Stored items from a collection:

◆ ◆ ◆ ◆

(* Let $\Gamma_1$ and $\Gamma_2$ be $R$-thin digraphs with no loops, and let $b_1,b_2$ be positive integers such that $\Gamma_1[\overline{\mathrm{K}}_{b_1}]\cong\Gamma_2[\overline{\mathrm{K}}_{b_2}]$. Then $\Gamma_1\cong\Gamma_2$ and $b_1=b_2$.
   Context: A digraph is a pair $(V,A)$ with $A\subseteq V\times V$; a loop is an arc $(v,v)$. For $v\in V$, $\Gamma^+(v)=\{w:(v,w)\in A\}$ and $\Gamma^-(v)=\{u:(u,v)\in A\}$. $\Gamma$ is $R$-thick if there are distinct vertices $u,v$ with $\Gamma^+(u)=\Gamma^+(v)$ and $\Gamma^-(u)=\Gamma^-(v)$, and $R$-thin otherwise. $\overline{\mathrm{K}}_b$ has $b$ vertices and no arcs. Lexicographic product $\Gamma[\Delta]$: vertex set $V(\Gamma)\times V(\Delta)$, $(u_1,u_2)\to(v_1,v_2)$ iff $u_1\to v_1$ in $\Gamma$, or $u_1=v_1$ and $u_2\to v_2$ in $\Delta$. *)

theory Defs
  imports Main
begin

type_synonym 'a digraph = "'a set \<times> ('a \<times> 'a) set"

definition verts :: "'a digraph \<Rightarrow> 'a set" where "verts G = fst G"
definition arcs :: "'a digraph \<Rightarrow> ('a \<times> 'a) set" where "arcs G = snd G"

definition digraph :: "'a digraph \<Rightarrow> bool" where
  "digraph G \<longleftrightarrow> arcs G \<subseteq> verts G \<times> verts G"

definition loopless :: "'a digraph \<Rightarrow> bool" where
  "loopless G \<longleftrightarrow> (\<forall>v. (v, v) \<notin> arcs G)"

definition out_nbhd :: "'a digraph \<Rightarrow> 'a \<Rightarrow> 'a set" where
  "out_nbhd G v = {w. (v, w) \<in> arcs G}"

definition in_nbhd :: "'a digraph \<Rightarrow> 'a \<Rightarrow> 'a set" where
  "in_nbhd G v = {u. (u, v) \<in> arcs G}"

definition R_thick :: "'a digraph \<Rightarrow> bool" where
  "R_thick G \<longleftrightarrow> (\<exists>u\<in>verts G. \<exists>v\<in>verts G. u \<noteq> v \<and>
      out_nbhd G u = out_nbhd G v \<and> in_nbhd G u = in_nbhd G v)"

definition R_thin :: "'a digraph \<Rightarrow> bool" where
  "R_thin G \<longleftrightarrow> \<not> R_thick G"

definition empty_digraph :: "nat \<Rightarrow> nat digraph" where
  "empty_digraph b = ({0..<b}, {})"

definition lex_product :: "'a digraph \<Rightarrow> 'b digraph \<Rightarrow> ('a \<times> 'b) digraph" where
  "lex_product G D = (verts G \<times> verts D,
     {((u1, u2), (v1, v2)). (u1, u2) \<in> verts G \<times> verts D \<and> (v1, v2) \<in> verts G \<times> verts D \<and>
        ((u1, v1) \<in> arcs G \<or> (u1 = v1 \<and> (u2, v2) \<in> arcs D))})"

definition digraph_iso :: "'a digraph \<Rightarrow> 'b digraph \<Rightarrow> bool" where
  "digraph_iso G H \<longleftrightarrow> (\<exists>f. bij_betw f (verts G) (verts H) \<and>
     (\<forall>u\<in>verts G. \<forall>v\<in>verts G. (u, v) \<in> arcs G \<longleftrightarrow> (f u, f v) \<in> arcs H))"

end

theory Submission
  imports Defs
begin

text \<open>Call two vertices twins if they have the same out- and in-neighbours. In
  \<open>G[K\<^sub>b]\<close> (with \<open>K\<^sub>b\<close> edgeless) two vertices are twins iff their first coordinates are
  twins in \<open>G\<close>; for R-thin \<open>G\<close> this means they lie in the same fibre \<open>{u} \<times> {0..<b}\<close>.
  Being twins is preserved by isomorphisms, so an isomorphism
  \<open>G\<^sub>1[K\<^sub>b\<^sub>1] \<cong> G\<^sub>2[K\<^sub>b\<^sub>2]\<close> maps fibres onto fibres. The induced map on fibres is an
  isomorphism \<open>G\<^sub>1 \<cong> G\<^sub>2\<close>, and comparing the sizes of corresponding fibres gives
  \<open>b\<^sub>1 = b\<^sub>2\<close>.\<close>

definition twins :: "'a digraph \<Rightarrow> 'a \<Rightarrow> 'a \<Rightarrow> bool" where
  "twins G x y \<longleftrightarrow> (\<forall>z\<in>verts G.
     ((x, z) \<in> arcs G \<longleftrightarrow> (y, z) \<in> arcs G) \<and> ((z, x) \<in> arcs G \<longleftrightarrow> (z, y) \<in> arcs G))"

definition iso_map :: "('a \<Rightarrow> 'b) \<Rightarrow> 'a digraph \<Rightarrow> 'b digraph \<Rightarrow> bool" where
  "iso_map f G H \<longleftrightarrow> bij_betw f (verts G) (verts H) \<and>
     (\<forall>u\<in>verts G. \<forall>v\<in>verts G. (u, v) \<in> arcs G \<longleftrightarrow> (f u, f v) \<in> arcs H)"

lemma digraph_iso_iff_iso_map: "digraph_iso G H \<longleftrightarrow> (\<exists>f. iso_map f G H)"
  by (simp add: digraph_iso_def iso_map_def)

lemma twins_refl: "twins G x x"
  by (simp add: twins_def)

lemma R_thin_twins_eq:
  assumes "digraph G" "R_thin G" "u \<in> verts G" "v \<in> verts G" "twins G u v"
  shows "u = v"
proof -
  have "out_nbhd G u = out_nbhd G v" "in_nbhd G u = in_nbhd G v"
    using assms(1,5) unfolding digraph_def twins_def out_nbhd_def in_nbhd_def by blast+
  then show ?thesis
    using assms(2-4) unfolding R_thin_def R_thick_def by blast
qed

lemma twins_iso_map:
  assumes "iso_map f G H" "x \<in> verts G" "y \<in> verts G"
  shows "twins H (f x) (f y) \<longleftrightarrow> twins G x y"
proof -
  have "verts H = f ` verts G"
    using assms(1) by (simp add: iso_map_def bij_betw_def)
  then show ?thesis
    using assms unfolding iso_map_def twins_def by auto
qed

lemma verts_lex_empty: "verts (lex_product G (empty_digraph b)) = verts G \<times> {0..<b}"
  by (simp add: lex_product_def verts_def empty_digraph_def)

lemma fibre_lex_empty: "u \<in> verts G \<Longrightarrow>
    {y \<in> verts (lex_product G (empty_digraph b)). fst y = u} = {u} \<times> {0..<b}"
  by (auto simp: verts_lex_empty)

lemma arc_lex_empty_iff:
  assumes "x \<in> verts (lex_product G (empty_digraph b))" "y \<in> verts (lex_product G (empty_digraph b))"
  shows "(x, y) \<in> arcs (lex_product G (empty_digraph b)) \<longleftrightarrow> (fst x, fst y) \<in> arcs G"
  using assms by (auto simp: lex_product_def verts_def arcs_def empty_digraph_def)

lemma twins_lex_empty_iff:
  assumes "x \<in> verts (lex_product G (empty_digraph b))" "y \<in> verts (lex_product G (empty_digraph b))"
  shows "twins (lex_product G (empty_digraph b)) x y \<longleftrightarrow> twins G (fst x) (fst y)"
proof
  assume twins_xy: "twins (lex_product G (empty_digraph b)) x y"
  show "twins G (fst x) (fst y)"
    unfolding twins_def
  proof
    fix w assume "w \<in> verts G"
    then have wx: "(w, snd x) \<in> verts (lex_product G (empty_digraph b))"
      using assms(1) by (auto simp: verts_lex_empty)
    have "((x, (w, snd x)) \<in> arcs (lex_product G (empty_digraph b)) \<longleftrightarrow>
            (y, (w, snd x)) \<in> arcs (lex_product G (empty_digraph b))) \<and>
          (((w, snd x), x) \<in> arcs (lex_product G (empty_digraph b)) \<longleftrightarrow>
            ((w, snd x), y) \<in> arcs (lex_product G (empty_digraph b)))"
      using twins_xy wx unfolding twins_def by blast
    then show "((fst x, w) \<in> arcs G \<longleftrightarrow> (fst y, w) \<in> arcs G) \<and>
               ((w, fst x) \<in> arcs G \<longleftrightarrow> (w, fst y) \<in> arcs G)"
      by (simp add: arc_lex_empty_iff[OF assms(1) wx] arc_lex_empty_iff[OF assms(2) wx]
          arc_lex_empty_iff[OF wx assms(1)] arc_lex_empty_iff[OF wx assms(2)])
  qed
next
  assume twins_fst: "twins G (fst x) (fst y)"
  show "twins (lex_product G (empty_digraph b)) x y"
    unfolding twins_def
  proof
    fix z assume z: "z \<in> verts (lex_product G (empty_digraph b))"
    then have "fst z \<in> verts G"
      by (auto simp: verts_lex_empty)
    with z show "((x, z) \<in> arcs (lex_product G (empty_digraph b)) \<longleftrightarrow>
                       (y, z) \<in> arcs (lex_product G (empty_digraph b))) \<and>
                     ((z, x) \<in> arcs (lex_product G (empty_digraph b)) \<longleftrightarrow>
                       (z, y) \<in> arcs (lex_product G (empty_digraph b)))"
      using twins_fst assms by (simp add: arc_lex_empty_iff twins_def)
  qed
qed

lemma twins_lex_empty_iff_fst_eq:
  assumes "digraph G" "R_thin G"
    and "x \<in> verts (lex_product G (empty_digraph b))" "y \<in> verts (lex_product G (empty_digraph b))"
  shows "twins (lex_product G (empty_digraph b)) x y \<longleftrightarrow> fst x = fst y"
proof -
  have "fst x \<in> verts G" "fst y \<in> verts G"
    using assms(3,4) by (auto simp: verts_lex_empty)
  then show ?thesis
    using R_thin_twins_eq[OF assms(1,2)] twins_refl[of G]
    by (auto simp: twins_lex_empty_iff[OF assms(3,4)])
qed

locale thin_lex_empty_iso =
  fixes G1 :: "'a digraph" and G2 :: "'b digraph" and b1 b2 :: nat
    and f :: "'a \<times> nat \<Rightarrow> 'b \<times> nat"
  assumes digraph1: "digraph G1" and digraph2: "digraph G2"
    and thin1: "R_thin G1" and thin2: "R_thin G2"
    and pos1: "0 < b1" and pos2: "0 < b2"
    and iso: "iso_map f (lex_product G1 (empty_digraph b1)) (lex_product G2 (empty_digraph b2))"
begin

abbreviation "P1 \<equiv> lex_product G1 (empty_digraph b1)"
abbreviation "P2 \<equiv> lex_product G2 (empty_digraph b2)"

lemma bij: "bij_betw f (verts P1) (verts P2)"
  using iso by (simp add: iso_map_def)

lemma maps_verts: "x \<in> verts P1 \<Longrightarrow> f x \<in> verts P2"
  using bij by (meson bij_betwE)

lemma fst_eq_iff:
  assumes "x \<in> verts P1" "y \<in> verts P1"
  shows "fst (f x) = fst (f y) \<longleftrightarrow> fst x = fst y"
  using assms maps_verts twins_iso_map[OF iso]
    twins_lex_empty_iff_fst_eq[OF digraph1 thin1] twins_lex_empty_iff_fst_eq[OF digraph2 thin2]
  by metis

lemma image_fibre:
  assumes "x \<in> verts P1"
  shows "f ` {y \<in> verts P1. fst y = fst x} = {z \<in> verts P2. fst z = fst (f x)}"
proof
  show "f ` {y \<in> verts P1. fst y = fst x} \<subseteq> {z \<in> verts P2. fst z = fst (f x)}"
  proof (rule image_subsetI)
    fix y assume "y \<in> {y \<in> verts P1. fst y = fst x}"
    then show "f y \<in> {z \<in> verts P2. fst z = fst (f x)}"
      using assms maps_verts fst_eq_iff by blast
  qed
  show "{z \<in> verts P2. fst z = fst (f x)} \<subseteq> f ` {y \<in> verts P1. fst y = fst x}"
  proof
    fix z assume z: "z \<in> {z \<in> verts P2. fst z = fst (f x)}"
    then obtain y where "y \<in> verts P1" "z = f y"
      using bij by (metis (no_types, lifting) bij_betw_imp_surj_on imageE mem_Collect_eq)
    then show "z \<in> f ` {y \<in> verts P1. fst y = fst x}"
      using z assms fst_eq_iff by auto
  qed
qed

lemma iso_map_fst: "iso_map (\<lambda>u. fst (f (u, 0))) G1 G2"
proof -
  define g where "g = (\<lambda>u. fst (f (u, 0)))"
  have in_P1: "(u, 0) \<in> verts P1" if "u \<in> verts G1" for u
    using that pos1 by (simp add: verts_lex_empty)
  have g_in: "g u \<in> verts G2" if "u \<in> verts G1" for u
    using maps_verts[OF in_P1[OF that]] by (auto simp: g_def verts_lex_empty)
  have inj: "inj_on g (verts G1)"
    using fst_eq_iff in_P1 by (force intro: inj_onI simp: g_def)
  have surj: "verts G2 \<subseteq> g ` verts G1"
  proof
    fix w assume "w \<in> verts G2"
    then have "(w, 0) \<in> verts P2"
      using pos2 by (simp add: verts_lex_empty)
    then obtain x where x: "x \<in> verts P1" "f x = (w, 0)"
      using bij by (metis bij_betw_imp_surj_on imageE)
    then have "fst x \<in> verts G1"
      by (auto simp: verts_lex_empty)
    moreover have "w = g (fst x)"
      using x fst_eq_iff[OF x(1) in_P1[OF \<open>fst x \<in> verts G1\<close>]] by (simp add: g_def)
    ultimately show "w \<in> g ` verts G1"
      by blast
  qed
  have arcs: "(u, v) \<in> arcs G1 \<longleftrightarrow> (g u, g v) \<in> arcs G2"
    if "u \<in> verts G1" "v \<in> verts G1" for u v
  proof -
    have "(u, v) \<in> arcs G1 \<longleftrightarrow> ((u, 0), (v, 0)) \<in> arcs P1"
      using arc_lex_empty_iff in_P1 that by fastforce
    also have "\<dots> \<longleftrightarrow> (f (u, 0), f (v, 0)) \<in> arcs P2"
      using iso in_P1 that by (simp add: iso_map_def)
    also have "\<dots> \<longleftrightarrow> (g u, g v) \<in> arcs G2"
      using arc_lex_empty_iff[OF maps_verts[OF in_P1[OF that(1)]] maps_verts[OF in_P1[OF that(2)]]]
      by (simp add: g_def)
    finally show ?thesis .
  qed
  have "g ` verts G1 = verts G2"
    using g_in surj by blast
  with inj arcs have "iso_map g G1 G2"
    by (simp add: iso_map_def bij_betw_def)
  then show ?thesis
    by (simp add: g_def)
qed

lemma b1_eq_b2:
  assumes "u \<in> verts G1"
  shows "b1 = b2"
proof -
  have u0: "(u, 0) \<in> verts P1"
    using assms pos1 by (simp add: verts_lex_empty)
  then have v: "fst (f (u, 0)) \<in> verts G2"
    using maps_verts by (simp add: verts_lex_empty mem_Times_iff)
  have "inj_on f {y \<in> verts P1. fst y = u}"
    using bij_betw_imp_inj_on[OF bij] by (simp add: inj_on_def)
  then have "card ({u} \<times> {0..<b1}) = card (f ` {y \<in> verts P1. fst y = u})"
    by (simp add: card_image fibre_lex_empty[OF assms])
  also have "\<dots> = card ({fst (f (u, 0))} \<times> {0..<b2})"
    using image_fibre[OF u0] by (simp add: fibre_lex_empty[OF v])
  finally show ?thesis
    by (simp add: card_cartesian_product)
qed

end

theorem lemma5p3:
  fixes G1 :: "'a digraph" and G2 :: "'b digraph" and b1 b2 :: nat
  assumes "digraph G1" and "digraph G2"
    and "R_thin G1" and "R_thin G2"
    and "loopless G1" and "loopless G2"
    and "verts G1 \<noteq> {}" and "verts G2 \<noteq> {}"
    and "b1 > 0" and "b2 > 0"
    and "digraph_iso (lex_product G1 (empty_digraph b1)) (lex_product G2 (empty_digraph b2))"
  shows "digraph_iso G1 G2 \<and> b1 = b2"
proof -
  obtain f where "iso_map f (lex_product G1 (empty_digraph b1)) (lex_product G2 (empty_digraph b2))"
    using assms(11) by (auto simp: digraph_iso_iff_iso_map)
  then interpret thin_lex_empty_iso G1 G2 b1 b2 f
    using assms by unfold_locales
  obtain u where "u \<in> verts G1"
    using assms(7) by blast
  then show ?thesis
    using iso_map_fst b1_eq_b2 digraph_iso_iff_iso_map by blast
qed

end
lemma k_tight_iff_card_minus_indep_domination:
  assumes "clique_partition V E P" "finite V"
  shows "k_tight V E k P \<longleftrightarrow> card P - indep_domination V E < k"
  unfolding k_tight_iff_maximal_indep_sets_miss_few[OF assms]
proof
  assume "\<forall>S. maximal_indep_set V E S \<longrightarrow> card P - card S < k"
  then show "card P - indep_domination V E < k"
    using indep_domination_attained[OF assms(2), of E] by auto
next
  assume "card P - indep_domination V E < k"
  then show "\<forall>S. maximal_indep_set V E S \<longrightarrow> card P - card S < k"
    using indep_domination_le_card[OF assms(2)] by (meson diff_le_mono2 le_less_trans)
qed

lemma is_clique_subset: "is_clique V E C \<Longrightarrow> C' \<subseteq> C \<Longrightarrow> C' \<subseteq> W \<Longrightarrow> is_clique W E C'"
  unfolding is_clique_def by blast

lemma clique_cover_refines_to_partition:
  assumes "finite CC" "\<forall>C\<in>CC. is_clique V E C"
  shows "\<exists>P. clique_partition (\<Union>CC) E P \<and> finite P \<and> card P \<le> card CC"
  using assms
proof (induction CC rule: finite_induct)
  case empty
  have "clique_partition {} E {}" by (simp add: clique_partition_def)
  then show ?case by auto
next
  case (insert C CC)
  have "\<forall>C\<in>CC. is_clique V E C" using insert.prems by simp
  then have "\<exists>P. clique_partition (\<Union>CC) E P \<and> finite P \<and> card P \<le> card CC"
    by (rule insert.IH)
  then obtain P where P: "clique_partition (\<Union>CC) E P" "finite P" "card P \<le> card CC"
    by blast
  have cliques: "\<forall>X\<in>P. is_clique (\<Union>CC) E X \<and> X \<noteq> {}"
    and disjoint: "\<forall>X\<in>P. \<forall>Y\<in>P. X \<noteq> Y \<longrightarrow> X \<inter> Y = {}"
    and union: "\<Union>P = \<Union>CC"
    using P(1) by (simp_all add: clique_partition_def)
  show ?case
  proof (cases "C \<subseteq> \<Union>CC")
    case True
    then have "\<Union>(insert C CC) = \<Union>CC" by blast
    moreover have "card CC \<le> card (insert C CC)" using insert(1) by (simp add: card_insert_le)
    ultimately show ?thesis using P by auto
  next
    case False
    define D where "D = C - \<Union>CC"
    have "is_clique V E C" using insert.prems by simp
    then have "is_clique (\<Union>(insert C CC)) E D"
      by (rule is_clique_subset) (auto simp: D_def)
    moreover have "\<forall>X\<in>P. is_clique (\<Union>(insert C CC)) E X \<and> X \<noteq> {}"
    proof
      fix X assume "X \<in> P"
      with cliques have "is_clique (\<Union>CC) E X" "X \<noteq> {}" by auto
      then show "is_clique (\<Union>(insert C CC)) E X \<and> X \<noteq> {}"
        by (auto simp: is_clique_def)
    qed
    moreover have "\<forall>X\<in>P. D \<inter> X = {} \<and> X \<inter> D = {}"
      using union unfolding D_def by blast
    moreover have "D \<noteq> {}" "\<Union>(insert D P) = \<Union>(insert C CC)"
      using False union unfolding D_def by auto
    ultimately have "clique_partition (\<Union>(insert C CC)) E (insert D P)"
      using disjoint unfolding clique_partition_def by simp
    moreover have "card (insert D P) \<le> card (insert C CC)"
      using P(2,3) insert(1,2) by (simp add: card_insert_if)
    ultimately show ?thesis using P(2) by blast
  qed
qed
(* The $\mathbf{k}$-algebra homomorphism $A:\mathcal{X}\to\mathcal{Q}$ satisfies $A(\mathcal{J})=0$; equivalently, $A\big(x_{i,j}x_{j,k}-x_{i,k}(x_{i,j}+x_{j,k}+\beta)-\alpha\big)=0$ for all $1\le i<j<k\le n$.
   Context: Let $\mathbf{k}$ be a commutative ring, let $\beta,\alpha\in\mathbf{k}$, and let $n$ be a positive integer; write $[m]=\{1,2,\dots,m\}$. Let $\mathcal{X}=\mathbf{k}[x_{i,j}\mid 1\le i<j\le n]$ be the polynomial ring over $\mathbf{k}$ in the indeterminates $x_{i,j}$. Let $\mathcal{J}$ be the ideal of $\mathcal{X}$ generated by all elements $x_{i,j}x_{j,k}-x_{i,k}(x_{i,j}+x_{j,k}+\beta)-\alpha$ for $1\le i<j<k\le n$. Laurent series: for symbols $r_1,\dots,r_n$, a Laurent series over $\mathbf{k}$ is a formal sum $f=\sum_{a\in\mathbb{Z}^n}\lambda_a r_1^{a_1}\cdots r_n^{a_n}$ ($\lambda_a\in\mathbf{k}$) for which there is $d\in\mathbb{Z}$ such that $\lambda_a=0$ whenever some $a_i<d$. Let $\mathcal{Q}$ be the $\mathbf{k}$-algebra of all such Laurent series with the usual multiplication of series (each coefficient of a product is a finite sum); it contains $\mathbf{k}[[r_1,\dots,r_n]]$ and is given the coefficientwise (product) topology with $\mathbf{k}$ discrete. For $i\in[n]$ put $q_i=r_ir_{i+1}\cdots r_n$; the $q_i$ are invertible in $\mathcal{Q}$, every Laurent monomial $r_1^{b_1}\cdots r_n^{b_n}$ is uniquely of the form $q_1^{a_1}\cdots q_n^{a_n}$ with $a\in\mathbb{Z}^n$, and for $i<j$ one has $q_i/q_j=r_ir_{i+1}\cdots r_{j-1}$, so $1-q_i/q_j$ is invertible in $\mathbf{k}[[r_1,\dots,r_n]]$. Let $A:\mathcal{X}\to\mathcal{Q}$ be the $\mathbf{k}$-algebra homomorphism with $A(x_{i,j})=-\dfrac{q_i+\beta+\alpha/q_j}{1-q_i/q_j}$ for $1\le i<j\le n$. *)

theory Defs
  imports Main
begin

◆ ◆ ◆ ◆

Among the lines above, find those with the word "vertices". Copy them.

Answer area:
   Context: A digraph is a pair $(V,A)$ with $A\subseteq V\times V$; a loop is an arc $(v,v)$. For $v\in V$, $\Gamma^+(v)=\{w:(v,w)\in A\}$ and $\Gamma^-(v)=\{u:(u,v)\in A\}$. $\Gamma$ is $R$-thick if there are distinct vertices $u,v$ with $\Gamma^+(u)=\Gamma^+(v)$ and $\Gamma^-(u)=\Gamma^-(v)$, and $R$-thin otherwise. $\overline{\mathrm{K}}_b$ has $b$ vertices and no arcs. Lexicographic product $\Gamma[\Delta]$: vertex set $V(\Gamma)\times V(\Delta)$, $(u_1,u_2)\to(v_1,v_2)$ iff $u_1\to v_1$ in $\Gamma$, or $u_1=v_1$ and $u_2\to v_2$ in $\Delta$. *)
text \<open>Call two vertices twins if they have the same out- and in-neighbours. In
  \<open>G[K\<^sub>b]\<close> (with \<open>K\<^sub>b\<close> edgeless) two vertices are twins iff their first coordinates are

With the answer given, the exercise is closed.